In SWAN SONG Robert McCammon takes us down a path similar to the one Stephen King follows in The Stand. Of course, there are big differences that make reading both books worthwhile. For one thing the disasters that cause the post apocalyptic scenarios are far different with widely divergent consequences. King’s apocalypse is caused by chemical warfare experiments gone wrong. McCammon’s is the result of nuclear warfare. The Stand gives us a nice clean (once you get rid of all the dead bodies) world where everything you need is there for the taking. McCammon’s world is a harsh endless winter that is almost impossible to survive. McCammon’s exceptional powers of description really bring this desolate landscape to life. You feel the cold. You know what it’s like to huddle in the darkness around a campfire that can never really warm you. There just isn’t enough clean anythingfor you to get yourself really clean, and you have a feeling that it will be that way for the rest of your life. 

The devices that McCammon comes up with in Swan Song are inventive and strong: the glass ring that Sister guards with her life and uses to see into the future, Swan’s power to heal dead trees by merely touching them, the transformative growths that form on some people’s faces, the final password to deactivate the computers, Colonel Macklen’s hand! This is great stuff, employed beautifully to tell a compelling story. 

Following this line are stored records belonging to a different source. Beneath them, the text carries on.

(* Let $\mathcal V=\mathcal V_1\sqcup\mathcal V_{-1}$ be a finite set, $\mathcal E\subseteq\mathcal V_1\times\mathcal V_{-1}$, and $P:\mathcal V\to(0,\infty)$ with $p_v=P(\{v\})$. Then $\mathsf{OptProb}(\mathcal V_1,\mathcal V_{-1},\mathcal E,P)$ terminates and returns a pair $(q,z)$ in which $q$ is the (unique) minimizer of $$\min_{q\in\mathbb R^{\mathcal V}}\sum_{v\in\mathcal V}-p_v\log q_v\quad\text{s.t.}\quad q\ge\mathbf 0,\ Mq\le\mathbf 1,$$ where $M$ is the matrix associated with the bipartite graph $(\mathcal V_1,\mathcal V_{-1},\mathcal E)$.
   Context: For disjoint finite sets $\mathcal A,\mathcal B$, $\mathcal E\subseteq\mathcal A\times\mathcal B$, and weights $P:\mathcal A\cup\mathcal B\to[0,\infty)$ with $P(S)=\sum_{v\in S}P(\{v\})$: $E$ is the edge incidence matrix ($E_{e,w}=1$ if $w$ is an endpoint of $e$, else $0$) and $M=\begin{pmatrix}E\\ I\end{pmatrix}$ with rows indexed by $\mathcal E\sqcup(\mathcal A\cup\mathcal B)$. Define $r\in\mathbb R^{\mathcal A\cup\mathcal B}$: if $P(\mathcal A),P(\mathcal B)>0$, $r_v=P(\{v\})P(\mathcal A\cup\mathcal B)/P(\mathcal A)$ for $v\in\mathcal A$ and $r_v=P(\{v\})P(\mathcal A\cup\mathcal B)/P(\mathcal B)$ for $v\in\mathcal B$; otherwise $r_v=P(\{v\})$. $\mathsf{LinOpt}(\mathcal A,\mathcal B,\mathcal E,P)$ takes an optimal $y\in\{0,1\}^{\mathcal A\cup\mathcal B}$ of $\max r^{\top}y$ s.t. $y\ge\mathbf 0$, $My\le\mathbf 1$, and an optimal $z$ of the dual $\min\mathbf 1^{\top}z$ s.t. $z\ge\mathbf 0$, $M^{\top}z\ge r$, and returns $\mathcal A^+=\{v\in\mathcal A:y_v=1\}$, $\mathcal A^-=\mathcal A\setminus\mathcal A^+$, $\mathcal B^+=\{v\in\mathcal B:y_v=1\}$, $\mathcal B^-=\mathcal B\setminus\mathcal B^+$, and $z^{\mathrm{lin}}=z$. $\mathsf{OptProb}(\mathcal A,\mathcal B,\mathcal E,P)$ is the recursive procedure: compute $(\mathcal A^+,\mathcal A^-,\mathcal B^+,\mathcal B^-,z^{\mathrm{lin}})=\mathsf{LinOpt}(\mathcal A,\mathcal B,\mathcal E,P)$. If $P(\mathcal A^+)P(\mathcal B^+)>P(\mathcal A^-)P(\mathcal B^-)$: let $\mathcal E'=\mathcal E\cap(\mathcal A^+\times\mathcal B^-)$, $\mathcal E''=\mathcal E\cap(\mathcal A^-\times\mathcal B^+)$, $(q',z')=\mathsf{OptProb}(\mathcal A^+,\mathcal B^-,\mathcal E',P)$, $(q'',z'')=\mathsf{OptProb}(\mathcal A^-,\mathcal B^+,\mathcal E'',P)$; set $q_v=q'_v$ for $v\in\mathcal A^+\cup\mathcal B^-$ and $q_v=q''_v$ for $v\in\mathcal A^-\cup\mathcal B^+$; set $z_e=z'_e$ for $e\in\mathcal E'\cup\mathcal A^+\cup\mathcal B^-$, $z_e=z''_e$ for $e\in\mathcal E''\cup\mathcal A^-\cup\mathcal B^+$, and $z_e=0$ for other $e\in\mathcal E$. Otherwise: set $q_v=P(\mathcal A)/P(\mathcal A\cup\mathcal B)$ for $v\in\mathcal A$, $q_v=P(\mathcal B)/P(\mathcal A\cup\mathcal B)$ for $v\in\mathcal B$, and $z=z^{\mathrm{lin}}$. Return $(q,z)$. The claim holds for any choice of optimal solutions made by $\mathsf{LinOpt}$. *)

theory Defs
  imports Complex_Main "HOL-Library.Extended_Real"
begin

text \<open>The rows of M are indexed by the disjoint union E + (A \<union> B), rendered
  as the sum type ('a \<times> 'a) + 'a: Inl e for an edge row, Inr v for an identity row.\<close>

type_synonym 'a row = "('a \<times> 'a) + 'a"

definition rows :: "'a set \<Rightarrow> 'a set \<Rightarrow> ('a \<times> 'a) set \<Rightarrow> 'a row set" where
  "rows A B E = Inl ` E \<union> Inr ` (A \<union> B)"

definition Mmat :: "'a row \<Rightarrow> 'a \<Rightarrow> real" where
  "Mmat r w = (case r of
      Inl e \<Rightarrow> (if w = fst e \<or> w = snd e then 1 else 0)
    | Inr u \<Rightarrow> (if w = u then 1 else 0))"

definition Mvec :: "'a set \<Rightarrow> 'a set \<Rightarrow> ('a \<Rightarrow> real) \<Rightarrow> 'a row \<Rightarrow> real" where
  "Mvec A B y r = (\<Sum>w\<in>A \<union> B. Mmat r w * y w)"

definition MTvec :: "'a set \<Rightarrow> 'a set \<Rightarrow> ('a \<times> 'a) set \<Rightarrow> ('a row \<Rightarrow> real) \<Rightarrow> 'a \<Rightarrow> real" where
  "MTvec A B E z w = (\<Sum>r\<in>rows A B E. Mmat r w * z r)"

definition feasible :: "'a set \<Rightarrow> 'a set \<Rightarrow> ('a \<times> 'a) set \<Rightarrow> ('a \<Rightarrow> real) \<Rightarrow> bool" where
  "feasible A B E q \<longleftrightarrow> (\<forall>v\<in>A \<union> B. 0 \<le> q v) \<and> (\<forall>r\<in>rows A B E. Mvec A B q r \<le> 1)"

definition rvec :: "'a set \<Rightarrow> 'a set \<Rightarrow> ('a \<Rightarrow> real) \<Rightarrow> 'a \<Rightarrow> real" where
  "rvec A B P v =
     (if sum P A > 0 \<and> sum P B > 0 then
        (if v \<in> A then P v * sum P (A \<union> B) / sum P A else P v * sum P (A \<union> B) / sum P B)
      else P v)"

definition primal_opt :: "'a set \<Rightarrow> 'a set \<Rightarrow> ('a \<times> 'a) set \<Rightarrow> ('a \<Rightarrow> real) \<Rightarrow> ('a \<Rightarrow> real) \<Rightarrow> bool" where
  "primal_opt A B E P y \<longleftrightarrow> feasible A B E y \<and>
     (\<forall>y'. feasible A B E y' \<longrightarrow>
        (\<Sum>v\<in>A \<union> B. rvec A B P v * y' v) \<le> (\<Sum>v\<in>A \<union> B. rvec A B P v * y v))"

definition dual_feasible :: "'a set \<Rightarrow> 'a set \<Rightarrow> ('a \<times> 'a) set \<Rightarrow> ('a \<Rightarrow> real) \<Rightarrow> ('a row \<Rightarrow> real) \<Rightarrow> bool" where
  "dual_feasible A B E P z \<longleftrightarrow> (\<forall>r\<in>rows A B E. 0 \<le> z r) \<and>
     (\<forall>w\<in>A \<union> B. MTvec A B E z w \<ge> rvec A B P w)"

What doesn’t work as well for me (and would make The Stand a clear winner if you had to decide to read one book and not the other) is the character development. In spite of all his rhetoric about the paramount importance of story, Stephen King is a master of character… McCammon is very good just not asgood. I felt shortchanged in my knowledge of all the major players in Swan Song. I wanted to know far more about their backgrounds and how they came to be who they are. Josh – the Black Frankenstein – is the strongest character in the book, but I sure wanted to know more about him, same with Swan herself… same with Sister. And the characters who were perfect matches to the characters in The Stand (and there were more than a few) never quite measure up to King’s brood. McCammon’s “the man with the scarlet eye” may be an interesting blend of evil and guilt, but I sure didn’t find him as interesting as Randall Flagg. 

I also felt that McCammon got just a little too sentimental in quite a few situations, especially the ending. I guess when you’ve spent over 900 pages immersed in a post-apocalyptic winter you probably feel entitled to a little sentimentality. But I do wish he’d dialed it back just a little.

Still, I would highly recommend SWAN SONG… for McCammon’s powers of description, for his powers of invention, his story, which unfolds beautifully and ties together almost perfectly, and for Swan herself, not so much as a living breathing character but as in ideal – a great force for good in what’s left of a crumbling world –the perfect person to build a story around.